Phase Dependencies and Barriers
TaskGraph ensures proper ordering through sequential phase execution and explicit barriers:
Sequential Phase Execution
- Phases execute in the order they are added
- Next phase waits for previous phase completion
- No explicit dependency declaration needed
Frame Barriers
GPU operations often require frame boundaries for synchronization:
// After setup phase, ensure GPU resources are ready
ContextExecutor::emptyFrame(graph, "setup-barrier", gpu_executor);
// After rendering, ensure commands are submitted
ContextExecutor::emptyFrame(graph, "render-barrier", gpu_executor);
Data Dependencies
Phases communicate through VarMap and lambda captures.
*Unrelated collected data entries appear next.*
lemma uncertainty_constant_le:
  fixes a b c q t :: real
  assumes pos: "a > 0" "b > 0" "c > 0" "q > 1"
    and bc: "1 \<le> b * c" and key: "1 \<le> 2 powr (1 + 1/q) * a * c * t"
  shows "inverse a * b powr (- (q / (q - 1)) / q) * (2 * c) powr (- (q / (q - 1))) \<le> t"
proof -
  define r where "r = q / (q - 1)"
  have r: "r / q - r = -1" "1 + 1/q \<le> r" using pos by (auto simp: r_def field_simps)
  have "b powr (- r / q) \<le> (1 / c) powr (- r / q)"
    using pos bc r by (intro powr_mono2') (auto simp: field_simps)
  also have "\<dots> = c powr (r / q)" using pos by (simp add: powr_divide powr_minus_divide)
  finally have b_le: "b powr (- r / q) \<le> c powr (r / q)" .
  have c_eq: "c powr (r / q) * c powr (- r) = 1 / c"
    using pos r(1) powr_add[of c "r / q" "- r"] by (simp add: powr_minus_divide)
  have "2 powr (- r) \<le> 2 powr (- (1 + 1/q))" using r by (intro powr_mono) auto
  also have "\<dots> = 1 / 2 powr (1 + 1/q)" by (rule powr_minus_divide)
  finally have two_le: "2 powr (- r) \<le> 1 / 2 powr (1 + 1/q)" .
  have "inverse a * b powr (- r / q) * (2 * c) powr (- r)
      \<le> inverse a * c powr (r / q) * (2 powr (- r) * c powr (- r))"
    unfolding powr_mult[of 2 c, simplified] using b_le pos
    by (intro mult_right_mono mult_left_mono) auto
  also have "\<dots> = inverse a * (c powr (r / q) * c powr (- r)) * 2 powr (- r)"
    by (simp only: mult_ac)
  also have "\<dots> = inverse a * (1 / c) * 2 powr (- r)" by (simp only: c_eq)
  also have "\<dots> \<le> inverse a * (1 / c) * (1 / 2 powr (1 + 1/q))"
    using two_le pos by (intro mult_left_mono) auto
  also have "\<dots> \<le> t" using key pos by (simp add: field_simps)
  finally show ?thesis by (simp add: r_def)
qed
lemma attach_progress:
  assumes core: "core_solution n v a \<rho>" and inv: "cp_inv (a, C)" and k: "k \<in> players n" "C k = {}"
  shows "\<exists>C'. cp_move\<^sup>*\<^sup>* (a, C) (a, C') \<and>
    (card (misplaced \<rho> C') < card (misplaced \<rho> C) \<or>
     card (misplaced \<rho> C') = card (misplaced \<rho> C) \<and> card (unattached C') < card (unattached C))"
proof -
  have part: "partition_on (players n) \<rho>" and tight: "\<And>B. B \<in> \<rho> \<Longrightarrow> (\<Sum>j\<in>B. a j) = v B"
    using core by (simp_all add: core_solution_def)
  have k_misplaced: "k \<in> misplaced \<rho> C"
    using k part by (auto simp: misplaced_def partition_on_def)
  have "is_mult \<delta> (v {k})" "is_mult \<delta> (a k)" using v_mult inv k(1) by simp_all
  then consider "a k = v {k}" | "v {k} + \<delta> \<le> a k"
    using in_core_singleton[OF core_solution_in_core[OF core] k(1)] is_mult_less_imp_add_le[OF delta_pos]
    by fastforce
  then show ?thesis
  proof cases
    case 1
    have "cp_move (a, C) (a, C(k := {k}))"
      using cp_move_attach_self[of k C a] k 1 by blast
    moreover have "card (misplaced \<rho> (C(k := {k}))) \<le> card (misplaced \<rho> C)"
      using k_misplaced by (intro card_mono) (auto simp: misplaced_def)
    moreover have "card (unattached (C(k := {k}))) < card (unattached C)"
      using k by (intro psubset_card_mono) (auto simp: unattached_def)
    ultimately show ?thesis by (intro exI[of _ "C(k := {k})"]) auto
  next
    case 2
    obtain B where B: "B \<in> \<rho>" "k \<in> B" using part k(1) by (auto simp: partition_on_def)
    have BN: "B \<subseteq> players n" using part B(1) by (auto simp: partition_on_def)
    obtain C1 where C1: "wf_coalitions (players n) C1" "\<forall>j. j \<noteq> k \<longrightarrow> C1 j = C j"
      and moves: "cp_move\<^sup>*\<^sup>* (a, C) (a, form_coalition C1 B)"
      using cp_moves_join_block[OF inv B(2) k(2) BN tight[OF B(1)] 2] by blast
    have "misplaced \<rho> (form_coalition C1 B) \<subseteq> {j\<in>players n. C1 j \<notin> \<rho>} - B"
      unfolding misplaced_def by (rule misplaced_form_coalition[OF C1(1) part B(1)])
    also have "\<dots> \<subseteq> misplaced \<rho> C - {k}"
      using C1(2) B(2) by (auto simp: misplaced_def)
    also have "\<dots> \<subset> misplaced \<rho> C"
      using k_misplaced by blast
    finally have "card (misplaced \<rho> (form_coalition C1 B)) < card (misplaced \<rho> C)"
      by (intro psubset_card_mono) (simp_all add: misplaced_def)
    with moves show ?thesis by blast
  qed
qed

lemma reaches_absorbing_from_core:
  assumes core: "core_solution n v a \<rho>" and "cp_inv (a, C)"
  shows "\<exists>s. cp_move\<^sup>*\<^sup>* (a, C) s \<and> absorbing s"
  using assms(2)
proof (induction C rule: wf_induct_rule[OF wf_measures[of
      "[\<lambda>C. card (misplaced \<rho> C), \<lambda>C. card (unattached C)]"], case_names less])
  case (less C)
  show ?case
  proof (cases "\<forall>i\<in>players n. C i \<noteq> {}")
    case True
    with less.prems core_solution_in_core[OF core] have "absorbing (a, C)" by simp
    then show ?thesis by blast
  next
    case False
    then obtain k where "k \<in> players n" "C k = {}" by blast
    from attach_progress[OF core less.prems this] obtain C' where moves: "cp_move\<^sup>*\<^sup>* (a, C) (a, C')"
      and "(C', C) \<in> measures [\<lambda>C. card (misplaced \<rho> C), \<lambda>C. card (unattached C)]"
      by auto
    with less.IH cp_inv_moves[OF moves less.prems] obtain s
      where "cp_move\<^sup>*\<^sup>* (a, C') s" "absorbing s" by blast
    with moves show ?thesis by (meson rtranclp_trans)
  qed
qed

lemma reaches_absorbing:
  assumes x: "core_solution n v x \<rho>" "\<forall>i\<in>players n. is_mult \<delta> (x i)" and inv: "cp_inv s"
  shows "\<exists>s'. cp_move\<^sup>*\<^sup>* s s' \<and> absorbing s'"
proof -
  let ?d = "\<lambda>a. \<Sum>i\<in>players n. \<bar>a i - x i\<bar>"
  have "\<exists>s'. cp_move\<^sup>*\<^sup>* (a, C) s' \<and> absorbing s'"
    if "cp_inv (a, C)" "?d a \<le> real m * \<delta>" for m a C
    using that
  proof (induction m arbitrary: a C rule: less_induct)
    case (less m a C)
    from improving_move_or_core_solution[OF x less.prems(1)] show ?case
    proof
      assume "core_solution n v a \<rho>"
      from reaches_absorbing_from_core[OF this less.prems(1)] show ?case .
    next
      assume "\<exists>a' C'. cp_move (a, C) (a', C') \<and> ?d a' = ?d a - \<delta>"
      then obtain a' C' where move: "cp_move (a, C) (a', C')" and closer: "?d a' = ?d a - \<delta>"
        by blast
      have "0 \<le> ?d a'" by (simp add: sum_nonneg)
      with closer less.prems(2) delta_pos obtain m' where m: "m = Suc m'"
        by (cases m) auto
      have "cp_inv (a', C')" using move less.prems(1) cp_inv_moves by blast
      moreover have "?d a' \<le> real m' * \<delta>"
        using closer less.prems(2) m by (simp add: algebra_simps)
      ultimately obtain s' where "cp_move\<^sup>*\<^sup>* (a', C') s'" "absorbing s'"
        using less.IH[of m'] m by blast
      with move show ?case by (meson converse_rtranclp_into_rtranclp)
    qed
  qed
  moreover obtain a C where "s = (a, C)" by fastforce
  moreover have "?d a \<le> real (nat \<lceil>?d a / \<delta>\<rceil>) * \<delta>" for a
    using delta_pos by (simp add: pos_divide_le_eq[symmetric])
  ultimately show ?thesis using inv by blast
qed
lemma hm_eq_prod_hm_local:
  assumes "m > 0"
  shows "hm m s = (\<Prod>p\<in>prime_factors m. hm_local p (multiplicity p m) s)"
proof -
  let ?PF = "prime_factors m" and ?O = "oddexp_primes m" and ?E = "evenexp_primes m"
  define X where "X p = (1 - 2 / of_nat p) * (1 + 2 * (of_nat p - 1) / ((of_nat p - 2) * (npow p s - 1)))" for p
  define K where "K e = (-1) ^ e / 2 * ((npow 8 s + npow 4 s) / (npow 8 s + npow 2 s + 2))
                    * (1 + 2 * (1 + (-1) ^ e) / (npow 4 s * (npow 2 s - 1)))" for e
  have subsets: "?O \<subseteq> ?PF" "?E \<subseteq> ?PF" by (auto simp: oddexp_primes_def evenexp_primes_def)
  have sign: "(-1) ^ card ?O / of_nat (m0 m) = (\<Prod>p\<in>?PF. if p \<in> ?O then -1 / of_nat p else (1::complex))"
  proof -
    have "(\<Prod>p\<in>?PF. if p \<in> ?O then -1 / of_nat p else (1::complex)) = (\<Prod>p\<in>?O. -1 / of_nat p)"
      using prod.inter_restrict[of ?PF "\<lambda>p. -1 / (of_nat p :: complex)" ?O] subsets by (simp add: Int_absorb1)
    also have "\<dots> = (-1) ^ card ?O / of_nat (m0 m)"
      by (simp only: prod_dividef prod_constant m0_def of_nat_prod)
    finally show ?thesis by simp
  qed
  have even: "(\<Prod>p\<in>?E. X p) = (\<Prod>p\<in>?PF. if p \<in> ?E then X p else 1)"
    using prod.inter_restrict[of ?PF X ?E] subsets by (simp add: Int_absorb1)
  have two: "kappa m s = (\<Prod>p\<in>?PF. if p = 2 then K (multiplicity p m) else 1)"
  proof (cases "even m")
    case True
    then have "2 \<in> ?PF" using assms by (auto simp: in_prime_factors_iff)
    then show ?thesis using True prod.inter_restrict[of ?PF "\<lambda>p. K (multiplicity p m)" "{2}"]
      by (simp add: kappa_def K_def Let_def)
  next
    case False
    then have "2 \<notin> ?PF" by (auto simp: in_prime_factors_iff)
    then show ?thesis using False by (simp add: kappa_def prod.neutral)
  qed
  have "hm m s = ((-1) ^ card ?O / of_nat (m0 m)) * ((\<Prod>p\<in>?E. X p) / (\<Prod>p\<in>?PF. 1 + 2 / (npow p s - 1)))
      * kappa m s"
    by (simp add: hm_def X_def)
  also have "\<dots> = (\<Prod>p\<in>?PF. (if p \<in> ?O then -1 / of_nat p else 1)
      * ((if p \<in> ?E then X p else 1) / (1 + 2 / (npow p s - 1))) * (if p = 2 then K (multiplicity p m) else 1))"
    by (simp only: sign even two prod_dividef prod.distrib)
  also have "\<dots> = (\<Prod>p\<in>?PF. hm_local p (multiplicity p m) s)"
    by (intro prod.cong) (auto simp: hm_local_def oddexp_primes_def evenexp_primes_def X_def K_def)
  finally show ?thesis .
qed
lemma loop_sol_L2p:
  assumes wp: "well_posed P C" and ls: "loop_stable P C" and e: "e \<in> L2p"
  obtains u c where "loop_sol P C e = (u, P u)" "e = (\<lambda>t. u t + C (P u) t)"
    "u \<in> L2p" "P u \<in> L2p" "l2norm (P u) \<le> c * l2norm e"
proof -
  obtain u y where sol: "loop_sol P C e = (u, y)"
    by (cases "loop_sol P C e")
  have "u \<in> L2ep" "y \<in> L2ep" "fb_map P C (u, y) = (e, \<lambda>t. 0)"
    using loop_sol_exists[OF wp L2p_imp_L2ep[OF e]] by (simp_all add: sol)
  then have e_eq: "e = (\<lambda>t. u t + C y t)" and "(\<lambda>t. y t - P u t) = (\<lambda>t. 0)"
    by (simp_all add: fb_map_def)
  then have y: "y = P u"
    by (simp add: fun_eq_iff)
  obtain c where "c > 0" and stable_loop: "\<forall>T\<ge>0. \<forall>e1\<in>L2ep.
      sqrt ((l2norm (trunc T (fst (loop_sol P C e1))))\<^sup>2 + (l2norm (trunc T (snd (loop_sol P C e1))))\<^sup>2)
        \<le> c * l2norm (trunc T e1)"
    using ls by (auto simp: loop_stable_def)
  have "l2norm (trunc T u) \<le> c * l2norm e" "l2norm (trunc T y) \<le> c * l2norm e" if "T \<ge> 0" for T
  proof -
    have "sqrt ((l2norm (trunc T u))\<^sup>2 + (l2norm (trunc T y))\<^sup>2) \<le> c * l2norm (trunc T e)"
      using stable_loop[rule_format, OF that L2p_imp_L2ep[OF e]] by (simp add: sol)
    also have "\<dots> \<le> c * l2norm e"
      using \<open>c > 0\<close> l2norm_trunc_le[OF L2p_imp_L2[OF e]] by (intro mult_left_mono) auto
    finally show "l2norm (trunc T u) \<le> c * l2norm e" "l2norm (trunc T y) \<le> c * l2norm e"
      using real_sqrt_sum_squares_ge1[of "l2norm (trunc T u)" "l2norm (trunc T y)"]
        real_sqrt_sum_squares_ge2[of "l2norm (trunc T y)" "l2norm (trunc T u)"] by linarith+
  qed
  then have "u \<in> L2p" "y \<in> L2p" "l2norm y \<le> c * l2norm e"
    using L2p_if_bounded_truncations[OF \<open>u \<in> L2ep\<close>] L2p_if_bounded_truncations[OF \<open>y \<in> L2ep\<close>]
    by blast+
  then show thesis
    using that[of u c] sol e_eq by (simp add: y)
qed
definition frame_hom :: "'a topology \<Rightarrow> 'b topology \<Rightarrow> ('a set \<Rightarrow> 'b set) \<Rightarrow> bool" where
  "frame_hom X Y f \<longleftrightarrow>
     (\<forall>U\<in>opens X. f U \<in> opens Y) \<and>
     f (topspace X) = topspace Y \<and>
     (\<forall>U\<in>opens X. \<forall>V\<in>opens X. f (U \<inter> V) = f U \<inter> f V) \<and>
     (\<forall>S. S \<subseteq> opens X \<longrightarrow> f (\<Union>S) = \<Union>(f ` S))"

definition frame_congruence :: "'a topology \<Rightarrow> ('a set \<times> 'a set) set \<Rightarrow> bool" where
  "frame_congruence X \<theta> \<longleftrightarrow>
     equiv (opens X) \<theta> \<and>
     (\<forall>a b c d. (a, b) \<in> \<theta> \<longrightarrow> (c, d) \<in> \<theta> \<longrightarrow> (a \<inter> c, b \<inter> d) \<in> \<theta>) \<and>
     (\<forall>S. S \<subseteq> \<theta> \<longrightarrow> (\<Union>(fst ` S), \<Union>(snd ` S)) \<in> \<theta>)"

definition frame_congruence_generated ::
  "'a topology \<Rightarrow> ('a set \<times> 'a set) set \<Rightarrow> ('a set \<times> 'a set) set" where
  "frame_congruence_generated X R = \<Inter>{\<theta>. frame_congruence X \<theta> \<and> R \<subseteq> \<theta>}"

definition is_presentation ::
  "'x topology \<Rightarrow> 'g set \<Rightarrow> (('g \<Rightarrow> bool) set \<times> ('g \<Rightarrow> bool) set) set
     \<Rightarrow> (('g \<Rightarrow> bool) set \<Rightarrow> 'x set) \<Rightarrow> bool" where
  "is_presentation X G R q \<longleftrightarrow>
     (let SG = product_topology (\<lambda>_. sierpinski_space) G in
       R \<subseteq> free_frame G \<times> free_frame G \<and>
       frame_hom SG X q \<and>
       q ` free_frame G = opens X \<and>
       (\<forall>a\<in>free_frame G. \<forall>b\<in>free_frame G.
          q a = q b \<longleftrightarrow> (a, b) \<in> frame_congruence_generated SG R))"

definition directed_set :: "'a set set \<Rightarrow> bool" where
  "directed_set D \<longleftrightarrow> D \<noteq> {} \<and> (\<forall>a\<in>D. \<forall>b\<in>D. \<exists>c\<in>D. a \<subseteq> c \<and> b \<subseteq> c)"

text \<open>Scott-open subsets of a family L of sets ordered by inclusion, where directed
  joins are unions (as in a frame of opens, which is closed under unions).\<close>
definition scott_open :: "'a set set \<Rightarrow> 'a set set \<Rightarrow> bool" where
  "scott_open L V \<longleftrightarrow> V \<subseteq> L \<and>
     (\<forall>a\<in>V. \<forall>b\<in>L. a \<subseteq> b \<longrightarrow> b \<in> V) \<and>
     (\<forall>D. D \<subseteq> L \<and> directed_set D \<and> \<Union>D \<in> V \<longrightarrow> (\<exists>d\<in>D. d \<in> V))"

lemma scott_open_Int:
  assumes S: "scott_open L S" and T: "scott_open L T"
  shows "scott_open L (S \<inter> T)"
proof -
  have SL: "S \<subseteq> L" and Sup: "\<And>a b. a \<in> S \<Longrightarrow> b \<in> L \<Longrightarrow> a \<subseteq> b \<Longrightarrow> b \<in> S"
    and Sd: "\<And>D. D \<subseteq> L \<Longrightarrow> directed_set D \<Longrightarrow> \<Union>D \<in> S \<Longrightarrow> \<exists>d\<in>D. d \<in> S"
    using S unfolding scott_open_def by auto
  have Tup: "\<And>a b. a \<in> T \<Longrightarrow> b \<in> L \<Longrightarrow> a \<subseteq> b \<Longrightarrow> b \<in> T"
    and Td: "\<And>D. D \<subseteq> L \<Longrightarrow> directed_set D \<Longrightarrow> \<Union>D \<in> T \<Longrightarrow> \<exists>d\<in>D. d \<in> T"
    using T unfolding scott_open_def by auto
  have "\<exists>d\<in>D. d \<in> S \<inter> T"
    if D: "D \<subseteq> L" "directed_set D" "\<Union>D \<in> S \<inter> T" for D
  proof -
    obtain d1 where d1: "d1 \<in> D" "d1 \<in> S" using Sd[OF D(1,2)] D(3) by auto
    obtain d2 where d2: "d2 \<in> D" "d2 \<in> T" using Td[OF D(1,2)] D(3) by auto
    obtain c where c: "c \<in> D" "d1 \<subseteq> c" "d2 \<subseteq> c"
      using D(2) d1(1) d2(1) unfolding directed_set_def by blast
    have cL: "c \<in> L" using c(1) D(1) by auto
    have "c \<in> S" using Sup[OF d1(2) cL c(2)] .
    moreover have "c \<in> T" using Tup[OF d2(2) cL c(3)] .
    ultimately show ?thesis using c(1) by auto
  qed
  then show ?thesis unfolding scott_open_def using SL Sup Tup by auto
qed

lemma scott_open_Union:
  assumes K: "\<And>S. S \<in> K \<Longrightarrow> scott_open L S"
  shows "scott_open L (\<Union>K)"
proof -
  have "\<Union>K \<subseteq> L" using K unfolding scott_open_def by blast
  moreover have "b \<in> \<Union>K" if ab: "a \<in> \<Union>K" "b \<in> L" "a \<subseteq> b" for a b
  proof -
    obtain S where S: "S \<in> K" "a \<in> S" using ab(1) by auto
    then have "b \<in> S" using K[OF S(1)] ab(2,3) unfolding scott_open_def by auto
    then show ?thesis using S(1) by auto
  qed
  moreover have "\<exists>d\<in>D. d \<in> \<Union>K" if D: "D \<subseteq> L" "directed_set D" "\<Union>D \<in> \<Union>K" for D
  proof -
    obtain S where S: "S \<in> K" "\<Union>D \<in> S" using D(3) by auto
    then obtain d where "d \<in> D" "d \<in> S" using K[OF S(1)] D(1,2) unfolding scott_open_def by auto
    then show ?thesis using S(1) by auto
  qed
  ultimately show ?thesis unfolding scott_open_def by auto
qed

lemma istopology_scott: "istopology (scott_open L)"
  unfolding istopology_def using scott_open_Int scott_open_Union by metis
lemma wlsq_update_V_le:
  fixes W X :: "real^'p^'n" and V :: "real^'q^'p" and U :: "real^'q^'n" and mu :: "real^'p"
  assumes W: "\<forall>i j. 0 \<le> W $ i $ j"
  defines "V' \<equiv> \<chi> j. pinv (transpose U ** diagm (column j W) ** U)
                   *v (transpose U *v (diagm (column j W) *v (column j X - vec (mu $ j))))"
  shows "wlsq W X V' U mu \<le> wlsq W X V U mu"
proof -
  have "(\<Sum>i\<in>UNIV. W $ i $ j * (resid X V' U mu i j)\<^sup>2) \<le> (\<Sum>i\<in>UNIV. W $ i $ j * (resid X V U mu i j)\<^sup>2)"
    for j
    using weighted_lsq_pinv_le[where w = "column j W" and Z = U and y = "column j X - vec (mu $ j)" and x = "V $ j"] W
    by (simp add: V'_def column_def resid_def algebra_simps)
  then show ?thesis
    unfolding wlsq_def by (subst (1 2) sum.swap) (rule sum_mono)
qed

lemma wlsq_update_U_le:
  fixes W Wt X :: "real^'p^'n" and V :: "real^'q^'p" and U :: "real^'q^'n" and mu :: "real^'p"
  assumes Wt: "\<forall>i j. 0 \<le> Wt $ i $ j" and wr: "\<forall>i. 0 \<le> wr i"
    and W: "\<forall>i j. W $ i $ j = wr i * Wt $ i $ j"
  defines "U' \<equiv> \<chi> i. pinv (transpose V ** diagm (Wt $ i) ** V)
                   *v (transpose V *v (diagm (Wt $ i) *v (X $ i - mu)))"
  shows "wlsq W X V U' mu \<le> wlsq W X V U mu"
proof -
  have "(\<Sum>j\<in>UNIV. Wt $ i $ j * (resid X V U' mu i j)\<^sup>2) \<le> (\<Sum>j\<in>UNIV. Wt $ i $ j * (resid X V U mu i j)\<^sup>2)"
    for i
    using weighted_lsq_pinv_le[where w = "Wt $ i" and Z = V and y = "X $ i - mu" and x = "U $ i"] Wt
    by (simp add: U'_def resid_def algebra_simps inner_commute)
  then have "wr i * (\<Sum>j\<in>UNIV. Wt $ i $ j * (resid X V U' mu i j)\<^sup>2)
      \<le> wr i * (\<Sum>j\<in>UNIV. Wt $ i $ j * (resid X V U mu i j)\<^sup>2)" for i
    using wr by (simp add: mult_left_mono)
  then have "(\<Sum>j\<in>UNIV. W $ i $ j * (resid X V U' mu i j)\<^sup>2) \<le> (\<Sum>j\<in>UNIV. W $ i $ j * (resid X V U mu i j)\<^sup>2)"
    for i
    by (simp add: W sum_distrib_left mult.assoc)
  then show ?thesis
    unfolding wlsq_def by (rule sum_mono)
qed

lemma wlsq_update_mu_le:
  fixes W X :: "real^'p^'n" and V :: "real^'q^'p" and U :: "real^'q^'n" and mu :: "real^'p"
  assumes W: "\<forall>i j. 0 \<le> W $ i $ j" and den: "\<forall>j. 0 < (\<Sum>i\<in>UNIV. W $ i $ j)"
  defines "mu' \<equiv> \<chi> j. (\<Sum>i\<in>UNIV. W $ i $ j * (X $ i $ j - (U ** transpose V) $ i $ j))
                      / (\<Sum>i\<in>UNIV. W $ i $ j)"
  shows "wlsq W X V U mu' \<le> wlsq W X V U mu"
proof -
  have UV: "(U ** transpose V) $ i $ j = U $ i \<bullet> V $ j" for i j
    by (simp add: matrix_matrix_mult_def transpose_def inner_vec_def)
  have "(\<Sum>i\<in>UNIV. W $ i $ j * (resid X V U mu' i j)\<^sup>2) \<le> (\<Sum>i\<in>UNIV. W $ i $ j * (resid X V U mu i j)\<^sup>2)"
    for j
    using weighted_mean_le[of UNIV "\<lambda>i. W $ i $ j" "\<lambda>i. X $ i $ j - U $ i \<bullet> V $ j" "mu $ j"] W den
    by (simp add: mu'_def UV resid_def algebra_simps)
  then show ?thesis
    unfolding wlsq_def by (subst (1 2) sum.swap) (rule sum_mono)
qed

lemma wlsq_step_le:
  assumes adm1: "rho_adm P1" and adm2: "rho_adm P2"
    and den: "\<forall>j. 0 < (\<Sum>i\<in>UNIV. Wmat P1 P2 s1 s2 X M V U mu $ i $ j)"
    and step: "step P1 P2 s1 s2 X M (V, U, mu) = (V', U', mu')"
  shows "wlsq (Wmat P1 P2 s1 s2 X M V U mu) X V' U' mu' \<le> wlsq (Wmat P1 P2 s1 s2 X M V U mu) X V U mu"
proof -
  define W Wt where "W = Wmat P1 P2 s1 s2 X M V U mu" and "Wt = Wtmat P1 s1 X M V U mu"
  define wr where "wr i = w_fn P2 (rt P1 s1 X M V U mu i / s2)" for i
  have wr: "\<forall>i. 0 \<le> wr i"
    by (simp add: wr_def w_fn_nonneg[OF adm2])
  have Wt: "\<forall>i j. 0 \<le> Wt $ i $ j"
    by (simp add: Wt_def Wtmat_def w_fn_nonneg[OF adm1] mind_def)
  have W_factor: "\<forall>i j. W $ i $ j = wr i * Wt $ i $ j"
    by (simp add: W_def Wt_def Wmat_def Wtmat_def wr_def)
  then have W: "\<forall>i j. 0 \<le> W $ i $ j"
    using wr Wt by simp
  have V': "V' = (\<chi> j. pinv (transpose U ** diagm (column j W) ** U)
                  *v (transpose U *v (diagm (column j W) *v (column j X - vec (mu $ j)))))"
    using step by (simp add: step_def Let_def W_def)
  have U': "U' = (\<chi> i. pinv (transpose V' ** diagm (Wt $ i) ** V')
                  *v (transpose V' *v (diagm (Wt $ i) *v (X $ i - mu))))"
    using step by (simp add: step_def Let_def W_def Wt_def V')
  have mu': "mu' = (\<chi> j. (\<Sum>i\<in>UNIV. W $ i $ j * (X $ i $ j - (U' ** transpose V') $ i $ j))
                  / (\<Sum>i\<in>UNIV. W $ i $ j))"
    using step by (simp add: step_def Let_def W_def Wt_def V' U')
  have "wlsq W X V' U' mu' \<le> wlsq W X V' U' mu"
    unfolding mu' using W den[folded W_def] by (rule wlsq_update_mu_le)
  also have "\<dots> \<le> wlsq W X V' U mu"
    unfolding U' using Wt wr W_factor by (rule wlsq_update_U_le)
  also have "\<dots> \<le> wlsq W X V U mu"
    unfolding V' using W by (rule wlsq_update_V_le)
  finally show ?thesis
    by (simp add: W_def)
qed

theorem proposition1:
  fixes X :: "real^'p^'n" and M :: "bool^'p^'n"
    and s1 :: "real^'p" and s2 :: real
    and P1 P2 :: "real \<times> real \<times> real \<times> real"
    and V0 :: "real^'q^'p" and U0 :: "real^'q^'n" and mu0 :: "real^'p"
  assumes "CARD('q) < CARD('p)"
    and "rho_adm P1" and "rho_adm P2"
    and "\<forall>j. s1 $ j > 0" and "s2 > 0"
    and "\<forall>i. \<exists>j. M $ i $ j"
    and "\<forall>k j. (case iterate P1 P2 s1 s2 X M (V0, U0, mu0) k of (V, U, mu) \<Rightarrow>
                  (\<Sum>i\<in>UNIV. Wmat P1 P2 s1 s2 X M V U mu $ i $ j) > 0)"
  shows "\<forall>k. (case iterate P1 P2 s1 s2 X M (V0, U0, mu0) (Suc k) of (V, U, mu) \<Rightarrow>
                objL P1 P2 s1 s2 X M V U mu)
           \<le> (case iterate P1 P2 s1 s2 X M (V0, U0, mu0) k of (V, U, mu) \<Rightarrow>
                objL P1 P2 s1 s2 X M V U mu)"
proof
  fix k
  obtain V U mu where S: "iterate P1 P2 s1 s2 X M (V0, U0, mu0) k = (V, U, mu)"
    by (metis prod_cases3)
  obtain V' U' mu' where step: "step P1 P2 s1 s2 X M (V, U, mu) = (V', U', mu')"
    by (metis prod_cases3)
  have S': "iterate P1 P2 s1 s2 X M (V0, U0, mu0) (Suc k) = (V', U', mu')"
    using S step by (simp add: iterate_def)
  have "\<forall>j. 0 < (\<Sum>i\<in>UNIV. Wmat P1 P2 s1 s2 X M V U mu $ i $ j)"
    using assms(7) S by (metis case_prod_conv)
  then have "objL P1 P2 s1 s2 X M V' U' mu' \<le> objL P1 P2 s1 s2 X M V U mu"
    using assms(2-6) by (intro objL_le_if_wlsq_le wlsq_step_le[OF assms(2,3) _ step])
  then show "(case iterate P1 P2 s1 s2 X M (V0, U0, mu0) (Suc k) of (V, U, mu) \<Rightarrow>
                objL P1 P2 s1 s2 X M V U mu)
           \<le> (case iterate P1 P2 s1 s2 X M (V0, U0, mu0) k of (V, U, mu) \<Rightarrow>
                objL P1 P2 s1 s2 X M V U mu)"
    by (simp add: S S')
qed

end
Data flows sequentially through phases, with each phase able to access results from previous phases through the shared VarMap or lambda captures.
Memory Management
TaskGraph uses modern C++ memory management patterns for safety and efficiency:
Ownership Model
- Graph: Owned by creator, passed as
shared_ptrto execute() - Phases: Owned by graph, stored as
shared_ptrvector - Tasks: Owned by phases, stored as
shared_ptrvector - Executors: Shared ownership via
shared_ptr
Lambda Capture Strategy
// Shared state across phases - use shared_ptr
auto rtgroups = std::make_shared<rtgroup_list_t>();
// Phase-local state - capture by value
int roughness_level = 5;
phase->task("example", [=](taskgraph_ptr_t g) {
// Safe access to shared and local state
(*rtgroups)[roughness_level]->use();
});
Thread Safety
- VarMap uses
LockedResourcefor thread-safe access - Atomic counters for task completion tracking
- No shared mutable state between concurrent tasks
Use Case: Environment Map Processing
The EnvMapProcessor demonstrates TaskGraph's capabilities for complex GPU workflows:
Key Patterns Demonstrated
- GPU Context Execution: All rendering phases use GPU executor
- Frame Barriers: Between setup and rendering for resource readiness
- Parallel Captures: Specular and diffuse captured concurrently
- Thread Transition: Final packaging on primary thread for XIR generation
- Shared State: Render targets shared across phases via lambda captures
Performance Characteristics
Execution Overhead
- Minimal: Direct function calls for serial execution
- OPQ overhead for parallel task dispatch
- No polling or busy-waiting
Synchronization Cost
- Phase barriers: Single condition variable wait
- Frame barriers: GPU command flush overhead
- Atomic counters for task completion
Memory Usage
- Graph structure: ~100 bytes per task
- VarMap: Depends on stored data
- Lambda captures: Configurable per use case
Scalability
- Phases: Sequential, O(N) execution time
- Tasks within phase: O(1) with sufficient threads
- No practical limit on graph complexity
Design Principles
Static Factory Pattern
Graph construction uses static methods to avoid shared_from_this complexity:
auto graph = TaskGraph::create();
auto phase = TaskGraph::phase(graph, "name", executor);
Synchronous Execution Model
execute() blocks until completion, providing deterministic behavior:
TaskGraph::execute(graph, on_complete);
// Graph is fully complete here
Composable Phases
Phases are self-contained units that can be reused:
void addRenderingPhases(taskgraph_ptr_t graph, material_ptr_t mtl) {
auto phase = TaskGraph::phase(graph, "render", gpu_executor);
// Add standard rendering tasks...
}
Explicit Context Management
Executors explicitly manage execution context:
- GPU work on GPU thread
- I/O on worker threads
- Coordination on primary thread
Future Enhancements
Potential Improvements
- DAG Support: Allow non-sequential phase dependencies
- Dynamic Graphs: Modify graph during execution
- Profiling: Built-in timing and performance metrics
- Cancellation: Abort graph execution mid-flight
- Nested Graphs: Compose graphs from sub-graphs
Compatibility Considerations
- Current API designed for forward compatibility
- Phase dependencies could extend current model
- Executor interface allows new strategies
Conclusion
The TaskGraph system provides a clean, efficient solution for coordinating complex asynchronous workflows in the Orkid engine. Its phase-based design, flexible executor model, and static factory pattern make it both powerful and easy to use, while maintaining thread safety and deterministic execution guarantees.